Polymorphic Memory Resources in C++
In a Nutshell
It is a best practice to reserve memory beforehand for all the STL containers so that their expansion is accounted for. However, sometimes it is extra effort to compute how much a resouce will take up in memory at a certain point. Either because we do not know or, in many cases, because we will have to process the whole data just to know how much we have then reserve memory for it and read it twice, this time to commit changes.
For many cases, the best solution is to define a plateau for the memory pool we are using and account for failures if we surpass the estimated amout, either by adjusting it via benchmarking or puting a limit on how much data is to be processed in the first place.
In C++ we have what we call pmr versions of the standard STL containers. They are a handy syntactic sugar to use std::pmr::polymorphic_allocator as an allocator for the containers. Which defines the buffer where we store the objects with the intention of localising the memory used by the containers instead of having it spread aroung all over the place.
Use case
If we are reading from a stream and we do not know the amount of the data, it is better to avoid buffer overflows or running out of system memory, and instead use monotonic buffer with a prefixed buffer size depending on the task.

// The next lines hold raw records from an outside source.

text \<open>Splitting off \<open>T2(a) U1' - T1(a) U2'\<close>, which integrates exactly, leaves an integrand
  in which every term carries a factor \<open>U1\<close>, \<open>U2\<close> or one of their derivatives.\<close>

lemma poly_area_add_eq:
  fixes T1 T2 U1 U2 :: "real poly"
  assumes "a \<le> b" "poly U1 a = 0" "poly U2 a = 0"
  shows "poly_area (T1 + U1) (T2 + U2) a b - poly_area T1 T2 a b
           - (poly T2 a * poly U1 b - poly T1 a * poly U2 b)
         = integral {a..b} (\<lambda>x. poly (pderiv T1) x * poly U2 x - poly (pderiv T2) x * poly U1 x
             + poly (pderiv U1) x * (poly T2 x - poly T2 a) - poly (pderiv U2) x * (poly T1 x - poly T1 a)
             + poly (pderiv U1) x * poly U2 x - poly (pderiv U2) x * poly U1 x)"
    (is "_ = integral _ ?W")
proof -
  have boundary: "((\<lambda>x. poly T2 a * poly (pderiv U1) x - poly T1 a * poly (pderiv U2) x) has_integral
      (poly T2 a * poly U1 b - poly T1 a * poly U2 b)) {a..b}"
    using has_integral_diff[OF has_integral_mult_right[OF has_integral_poly_pderiv[OF assms(1), of U1]]
        has_integral_mult_right[OF has_integral_poly_pderiv[OF assms(1), of U2]]] assms(2,3)
    by simp
  have "poly_area (T1 + U1) (T2 + U2) a b - poly_area T1 T2 a b
      = integral {a..b} (\<lambda>x. poly (pderiv (T1 + U1)) x * poly (T2 + U2) x
            - poly (pderiv (T2 + U2)) x * poly (T1 + U1) x
          - (poly (pderiv T1) x * poly T2 x - poly (pderiv T2) x * poly T1 x))"
    unfolding poly_area_def
    by (intro integral_diff[symmetric] integrable_continuous_real continuous_intros)
  also have "\<dots> = integral {a..b} (\<lambda>x. ?W x
      + (poly T2 a * poly (pderiv U1) x - poly T1 a * poly (pderiv U2) x))"
    by (simp add: pderiv_add algebra_simps)
  also have "\<dots> = integral {a..b} ?W + (poly T2 a * poly U1 b - poly T1 a * poly U2 b)"
    using boundary
    by (subst integral_add) (auto intro!: integrable_continuous_real continuous_intros
        simp: has_integral_integrable integral_unique)
  finally show ?thesis
    by simp
qed

lemma poly_area_perturbation:
  fixes T1 T2 U1 U2 :: "real poly"
  assumes "a \<le> b" "(b - a) * r \<le> s"
    and U: "\<And>x. x \<in> {a..b} \<Longrightarrow> \<bar>poly U1 x\<bar> \<le> s \<and> \<bar>poly U2 x\<bar> \<le> s
              \<and> \<bar>poly (pderiv U1) x\<bar> \<le> r \<and> \<bar>poly (pderiv U2) x\<bar> \<le> r"
    and "poly U1 a = 0" "poly U2 a = 0"
  shows "\<bar>poly_area (T1 + U1) (T2 + U2) a b - poly_area T1 T2 a b
            - (poly T2 a * poly U1 b - poly T1 a * poly U2 b)\<bar>
         \<le> 2 * s * (poly_variation T1 a b + poly_variation T2 a b) + 2 * s\<^sup>2"
proof -
  define S1 S2 where "S1 = poly_variation T1 a b" and "S2 = poly_variation T2 a b"
  define W where "W x = poly (pderiv T1) x * poly U2 x - poly (pderiv T2) x * poly U1 x
      + poly (pderiv U1) x * (poly T2 x - poly T2 a) - poly (pderiv U2) x * (poly T1 x - poly T1 a)
      + poly (pderiv U1) x * poly U2 x - poly (pderiv U2) x * poly U1 x" for x
  have "0 \<le> s" "0 \<le> r"
    using U[of a] assms(1) by auto
  have "S1 \<ge> 0" "S2 \<ge> 0"
    by (simp_all add: S1_def S2_def poly_variation_nonneg)
  have W_le: "\<bar>W x\<bar> \<le> (\<bar>poly (pderiv T1) x\<bar> + \<bar>poly (pderiv T2) x\<bar>) * s + (r * (S1 + S2) + 2 * r * s)"
    if x: "x \<in> {a..b}" for x
  proof -
    have "\<bar>poly T1 x - poly T1 a\<bar> \<le> S1" "\<bar>poly T2 x - poly T2 a\<bar> \<le> S2"
      using x by (auto simp: S1_def S2_def intro: abs_poly_diff_le_poly_variation)
    then have "\<bar>W x\<bar> \<le> \<bar>poly (pderiv T1) x\<bar> * s + \<bar>poly (pderiv T2) x\<bar> * s + r * S2 + r * S1 + r * s + r * s"
      unfolding W_def using U[OF x] \<open>0 \<le> r\<close>
      by (intro order.trans[OF abs_triangle_ineq4] order.trans[OF abs_triangle_ineq] add_mono;
          simp only: abs_mult; intro mult_mono; simp)
    then show ?thesis
      by (simp add: algebra_simps)
  qed
  have bound: "((\<lambda>x. (\<bar>poly (pderiv T1) x\<bar> + \<bar>poly (pderiv T2) x\<bar>) * s + (r * (S1 + S2) + 2 * r * s))
      has_integral ((S1 + S2) * s + (b - a) * (r * (S1 + S2) + 2 * r * s))) {a..b}"
    unfolding S1_def S2_def poly_variation_def
    using assms(1) has_integral_const_real[of "r * (S1 + S2) + 2 * r * s" a b]
    by (intro has_integral_add has_integral_mult_left integrable_integral integrable_abs_poly_pderiv)
      (auto simp: S1_def S2_def poly_variation_def mult.commute)
  have "W integrable_on {a..b}"
    unfolding W_def by (intro integrable_continuous_real continuous_intros)
  then have "norm (integral {a..b} W) \<le> integral {a..b} (\<lambda>x. (\<bar>poly (pderiv T1) x\<bar>
      + \<bar>poly (pderiv T2) x\<bar>) * s + (r * (S1 + S2) + 2 * r * s))"
    by (rule integral_norm_bound_integral[OF _ has_integral_integrable[OF bound]]) (simp add: W_le)
  then have "\<bar>integral {a..b} W\<bar> \<le> (S1 + S2) * s + (b - a) * (r * (S1 + S2) + 2 * r * s)"
    using integral_unique[OF bound] by simp
  also have "\<dots> = (S1 + S2) * s + ((b - a) * r) * (S1 + S2) + 2 * ((b - a) * r) * s"
    by (simp add: algebra_simps)
  also have "\<dots> \<le> (S1 + S2) * s + s * (S1 + S2) + 2 * s * s"
    using assms(2) \<open>0 \<le> s\<close> \<open>S1 \<ge> 0\<close> \<open>S2 \<ge> 0\<close>
    by (intro add_mono mult_right_mono mult_left_mono) auto
  finally show ?thesis
    unfolding poly_area_add_eq[OF assms(1,4,5)] W_def[abs_def]
    by (simp add: S1_def S2_def power2_eq_square algebra_simps)
qed

lemma AVV_pos:
  assumes "a < b"
  shows "0 < AVV m f g a b"
  using assms by (simp add: AVV_eq_poly_variation add_pos_nonneg poly_variation_nonneg)

section \<open>Comparing the two quotients on well-separated nodes\<close>

lemma area_defect_arith:
  fixes c e L S :: real
  assumes "0 \<le> c" "0 \<le> e" "e \<le> 1" "0 \<le> L" "0 \<le> S"
  shows "4 * (c * e * L ^ m * S) + 4 * (c * e * L ^ m)\<^sup>2
           \<le> e * (4 * c * (1 + c)) * (L ^ (2 * m) + L ^ m * S)"
proof -
  define V where "V = L ^ (2 * m) + L ^ m * S"
  have "c * e * L ^ m * S = (c * e) * (L ^ m * S)"
    by (simp add: mult_ac)
  also have "\<dots> \<le> (c * e) * V"
    using assms by (intro mult_left_mono) (auto simp: V_def)
  finally have first: "c * e * L ^ m * S \<le> c * e * V" .
  have "(c * e * L ^ m)\<^sup>2 = c\<^sup>2 * (e * e) * L ^ (2 * m)"
    unfolding mult_2 power_add by (simp add: power2_eq_square ac_simps)
  also have "\<dots> \<le> c\<^sup>2 * e * V"
    using assms by (intro mult_mono mult_left_mono) (auto simp: V_def mult_left_le)
  finally have second: "(c * e * L ^ m)\<^sup>2 \<le> c\<^sup>2 * e * V" .
  have "e * (4 * c * (1 + c)) * V = 4 * (c * e * V) + 4 * (c\<^sup>2 * e * V)"
    by (simp add: power2_eq_square algebra_simps)
  with first second show ?thesis
    unfolding V_def by linarith
qed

In case we wanted the buffer to grow when exceeded, we should omit std::pmr::null_memory_resource().
const std::size_t buffer_size = 16384; // 16 KB
auto buffer = std::make_unique<std::byte[]>(buffer_size);
std::pmr::monotonic_buffer_resource mbr{buffer.get(), buffer_size, std::pmr::null_memory_resource()};
std::pmr::polymorphic_allocator<std::uint32_t> pa{&mbr};
std::vector<std::uint32_t> stream(pa);
try {
// process data into the stream
} catch (std::bad_alloc e) {
// no need for cleanup since the buffer owns the memory
}
Conclusion
Knowing how much memory we have allocated is always a good idea, setting an upper-bound on how much memory we would ever have is a great idea, especially in embedded systems and microservices where resources are limited.